- Task instructions -
Find "scale br (Suc" and "y = lin_trace" in the records below. Copy the lines holding them and every line between, exactly, and no others.

- Data to examine -

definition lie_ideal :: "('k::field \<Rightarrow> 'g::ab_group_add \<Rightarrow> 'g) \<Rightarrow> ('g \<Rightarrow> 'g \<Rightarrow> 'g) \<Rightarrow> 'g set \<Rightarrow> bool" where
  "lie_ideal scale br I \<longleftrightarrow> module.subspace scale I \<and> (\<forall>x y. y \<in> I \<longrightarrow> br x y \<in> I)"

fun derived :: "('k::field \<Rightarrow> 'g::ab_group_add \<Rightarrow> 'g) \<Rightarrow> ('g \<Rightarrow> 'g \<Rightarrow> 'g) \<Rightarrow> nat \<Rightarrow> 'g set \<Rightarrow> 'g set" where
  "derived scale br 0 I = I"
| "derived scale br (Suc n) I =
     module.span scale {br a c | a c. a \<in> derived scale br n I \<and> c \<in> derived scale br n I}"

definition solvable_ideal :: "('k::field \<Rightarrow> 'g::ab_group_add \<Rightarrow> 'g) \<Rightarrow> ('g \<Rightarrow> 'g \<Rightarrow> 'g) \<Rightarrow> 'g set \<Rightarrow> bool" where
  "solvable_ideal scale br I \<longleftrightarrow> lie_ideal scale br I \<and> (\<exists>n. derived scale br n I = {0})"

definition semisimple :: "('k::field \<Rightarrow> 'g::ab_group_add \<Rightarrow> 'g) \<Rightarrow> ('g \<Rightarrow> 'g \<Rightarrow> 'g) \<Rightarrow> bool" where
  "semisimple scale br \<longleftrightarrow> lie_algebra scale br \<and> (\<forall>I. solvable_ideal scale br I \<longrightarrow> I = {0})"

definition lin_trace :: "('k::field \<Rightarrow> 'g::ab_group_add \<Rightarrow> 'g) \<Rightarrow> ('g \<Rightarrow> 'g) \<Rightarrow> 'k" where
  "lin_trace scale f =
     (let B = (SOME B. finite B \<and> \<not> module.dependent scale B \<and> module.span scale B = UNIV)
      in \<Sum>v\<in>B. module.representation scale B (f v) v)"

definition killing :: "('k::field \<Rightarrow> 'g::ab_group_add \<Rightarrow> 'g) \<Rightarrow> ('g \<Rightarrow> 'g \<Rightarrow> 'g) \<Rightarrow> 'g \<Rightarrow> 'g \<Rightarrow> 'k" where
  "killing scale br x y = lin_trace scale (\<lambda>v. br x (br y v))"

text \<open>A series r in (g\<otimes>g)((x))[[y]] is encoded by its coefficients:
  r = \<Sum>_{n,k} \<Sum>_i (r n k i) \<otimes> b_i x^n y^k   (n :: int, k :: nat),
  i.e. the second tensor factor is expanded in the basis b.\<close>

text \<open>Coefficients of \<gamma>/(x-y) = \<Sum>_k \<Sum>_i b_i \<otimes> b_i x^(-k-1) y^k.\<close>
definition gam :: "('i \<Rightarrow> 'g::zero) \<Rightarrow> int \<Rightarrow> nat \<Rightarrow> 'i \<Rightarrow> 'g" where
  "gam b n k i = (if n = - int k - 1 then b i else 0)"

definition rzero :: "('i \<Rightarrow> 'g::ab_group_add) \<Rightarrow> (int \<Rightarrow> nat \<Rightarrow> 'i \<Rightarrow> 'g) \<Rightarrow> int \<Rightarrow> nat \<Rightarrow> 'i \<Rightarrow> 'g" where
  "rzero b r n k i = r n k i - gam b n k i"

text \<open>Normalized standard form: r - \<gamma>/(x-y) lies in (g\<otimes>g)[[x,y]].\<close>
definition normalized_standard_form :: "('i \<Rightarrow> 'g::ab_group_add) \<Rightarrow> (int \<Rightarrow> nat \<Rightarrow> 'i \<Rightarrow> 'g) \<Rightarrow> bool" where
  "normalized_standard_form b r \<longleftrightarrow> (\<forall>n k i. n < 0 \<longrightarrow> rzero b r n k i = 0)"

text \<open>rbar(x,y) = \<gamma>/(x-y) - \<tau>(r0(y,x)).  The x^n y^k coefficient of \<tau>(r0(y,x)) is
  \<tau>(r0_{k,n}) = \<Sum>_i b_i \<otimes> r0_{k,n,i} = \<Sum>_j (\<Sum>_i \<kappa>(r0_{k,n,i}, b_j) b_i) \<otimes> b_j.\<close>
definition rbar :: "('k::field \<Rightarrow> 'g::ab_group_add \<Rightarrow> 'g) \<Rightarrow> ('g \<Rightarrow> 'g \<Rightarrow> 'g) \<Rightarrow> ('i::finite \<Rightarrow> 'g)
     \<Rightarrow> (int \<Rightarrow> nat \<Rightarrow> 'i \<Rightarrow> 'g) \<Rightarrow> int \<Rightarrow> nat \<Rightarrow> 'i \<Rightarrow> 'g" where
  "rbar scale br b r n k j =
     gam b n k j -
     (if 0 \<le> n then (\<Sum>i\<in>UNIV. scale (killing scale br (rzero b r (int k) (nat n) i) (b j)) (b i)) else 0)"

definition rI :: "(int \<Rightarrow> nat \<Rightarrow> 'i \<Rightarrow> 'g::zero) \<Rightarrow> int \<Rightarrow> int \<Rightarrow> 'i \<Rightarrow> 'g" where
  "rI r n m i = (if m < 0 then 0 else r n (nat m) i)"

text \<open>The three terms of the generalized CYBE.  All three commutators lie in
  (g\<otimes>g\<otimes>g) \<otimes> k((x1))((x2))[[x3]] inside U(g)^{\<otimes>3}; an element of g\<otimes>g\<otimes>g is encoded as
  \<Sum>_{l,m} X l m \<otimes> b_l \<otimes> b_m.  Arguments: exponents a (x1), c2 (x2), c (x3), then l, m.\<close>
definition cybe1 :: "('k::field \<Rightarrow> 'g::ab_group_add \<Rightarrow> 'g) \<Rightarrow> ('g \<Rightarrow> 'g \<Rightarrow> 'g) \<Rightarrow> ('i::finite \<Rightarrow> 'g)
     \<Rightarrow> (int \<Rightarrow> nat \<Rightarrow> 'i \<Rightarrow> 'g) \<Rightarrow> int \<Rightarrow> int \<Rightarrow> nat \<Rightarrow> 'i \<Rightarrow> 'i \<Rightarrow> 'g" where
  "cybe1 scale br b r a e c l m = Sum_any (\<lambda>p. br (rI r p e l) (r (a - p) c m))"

- Exercise solution -
| "derived scale br (Suc n) I =
     module.span scale {br a c | a c. a \<in> derived scale br n I \<and> c \<in> derived scale br n I}"

definition solvable_ideal :: "('k::field \<Rightarrow> 'g::ab_group_add \<Rightarrow> 'g) \<Rightarrow> ('g \<Rightarrow> 'g \<Rightarrow> 'g) \<Rightarrow> 'g set \<Rightarrow> bool" where
  "solvable_ideal scale br I \<longleftrightarrow> lie_ideal scale br I \<and> (\<exists>n. derived scale br n I = {0})"

definition semisimple :: "('k::field \<Rightarrow> 'g::ab_group_add \<Rightarrow> 'g) \<Rightarrow> ('g \<Rightarrow> 'g \<Rightarrow> 'g) \<Rightarrow> bool" where
  "semisimple scale br \<longleftrightarrow> lie_algebra scale br \<and> (\<forall>I. solvable_ideal scale br I \<longrightarrow> I = {0})"

definition lin_trace :: "('k::field \<Rightarrow> 'g::ab_group_add \<Rightarrow> 'g) \<Rightarrow> ('g \<Rightarrow> 'g) \<Rightarrow> 'k" where
  "lin_trace scale f =
     (let B = (SOME B. finite B \<and> \<not> module.dependent scale B \<and> module.span scale B = UNIV)
      in \<Sum>v\<in>B. module.representation scale B (f v) v)"

definition killing :: "('k::field \<Rightarrow> 'g::ab_group_add \<Rightarrow> 'g) \<Rightarrow> ('g \<Rightarrow> 'g \<Rightarrow> 'g) \<Rightarrow> 'g \<Rightarrow> 'g \<Rightarrow> 'k" where
  "killing scale br x y = lin_trace scale (\<lambda>v. br x (br y v))"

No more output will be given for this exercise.